I had been reading about the Air-X Marine units and although a fair amount of wind is required before you can even start making power, (It's 7 M.P.H.) if the wind is constant, power will be generated all day and all night. It adds up. At maximum output, which is a 28 M.P.H. wind, each Air-X unit provides 400 amp hours. No one really wants to spend much time at an anchorage in a 28 M.P.H. wind, but even as the power output is less as the wind is less, the bang for the buck is way better with wind generation for our situation.
One houseboat at a neighboring harbor has one of these Air-X units installed which initially gave me the idea to apply this concept to a powered vessel. The houseboat has the Air-X unit properly mounted on a pole, supported by guy wires. Some things that need to be considered when mounting something like this anywhere is that you need to keep them in an area where coming in contact with them with your head is avoided at all cost. Those carbon fiber blades would give you a haircut you would never forget. Height above the waterline is also an issue, particularly if you are considering doing "The Loop", which we are, and if there are any fixed bridges on your route anywhere. The T-top mounting method still seemed viable, and two Air-X units mounted on each side with one solar panel in the middle was considered.

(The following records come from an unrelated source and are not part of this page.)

lemma duo_ring_if_conj_invariant:
  assumes "conj_invariant R"
  shows "duo_ring R"
proof -
  have right: "x * r \<in> I" if I: "left_ideal_of R I" and "x \<in> I" "r \<in> R" for I x r
  proof (cases "x = 0")
    case True
    then show ?thesis using I \<open>x \<in> I\<close> by (simp add: left_ideal_of_def)
  next
    case False
    then obtain s where "s \<in> R" "x * r = s * x"
      using conj_invariant_move_right[OF assms] \<open>r \<in> R\<close> by blast
    then show ?thesis using I \<open>x \<in> I\<close> unfolding left_ideal_of_def by simp
  qed
  have left: "r * x \<in> I" if I: "right_ideal_of R I" and "x \<in> I" "r \<in> R" for I x r
  proof (cases "x = 0")
    case True
    then show ?thesis using I \<open>x \<in> I\<close> by (simp add: right_ideal_of_def)
  next
    case False
    then obtain s where "s \<in> R" "r * x = x * s"
      using conj_invariant_move_left[OF assms] \<open>r \<in> R\<close> by blast
    then show ?thesis using I \<open>x \<in> I\<close> unfolding right_ideal_of_def by simp
  qed
  have "right_ideal_of R I" if "left_ideal_of R I" for I
    using that right[OF that] unfolding left_ideal_of_def right_ideal_of_def by simp
  moreover have "left_ideal_of R I" if "right_ideal_of R I" for I
    using that left[OF that] unfolding left_ideal_of_def right_ideal_of_def by simp
  ultimately show ?thesis unfolding duo_ring_def by blast
qed

section \<open>The derived subgroup\<close>

lemma derived_subgroup_nonzero: "x \<in> derived_subgroup \<Longrightarrow> x \<noteq> 0"
  by (induction rule: derived_subgroup.induct) auto

lemma derived_subgroup_subset_units:
  assumes "derived_subgroup \<subseteq> R"
  shows "derived_subgroup \<subseteq> units_sub R"
  using assms derived_subgroup.inv derived_subgroup_nonzero unfolding units_sub_def by blast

When you attempt a project like this, it helps to have people involved who have done it before. No one in our area has installed a wind generator, at least no one that I had talked to.
I discussed the project with a few boatyard owners, and although all were willing, a chance meeting with the service manager of Bloch Marine at our local West Marine one afternoon turned out to be a fortunate coincidence. J.D. Schmid was involved with the local Marine Max dealership and when they left the area, John Bloch of Bloch Marine hired J.D. to oversee the service department of the boatyard that we primarily dealt with. We got to talking about our possibility of utilizing wind generators as a power source on Swing Set, along with combining a solar panel. Now, J.D. is one of the most enthusiastic people you will meet, and once he got to considering the project, I was even more sold on the idea. Fall was approaching, and over the winter was a good time for a project like this, and the fact that one of Bloch's best guys, Dave Ludwig, would be assigned as the electrician/installer, the deal was sealed.
Once I found the best deal on two Air-X Marine units (at Defender Marine) and they were shipped to me, the three of us got together and started to formulate a plan.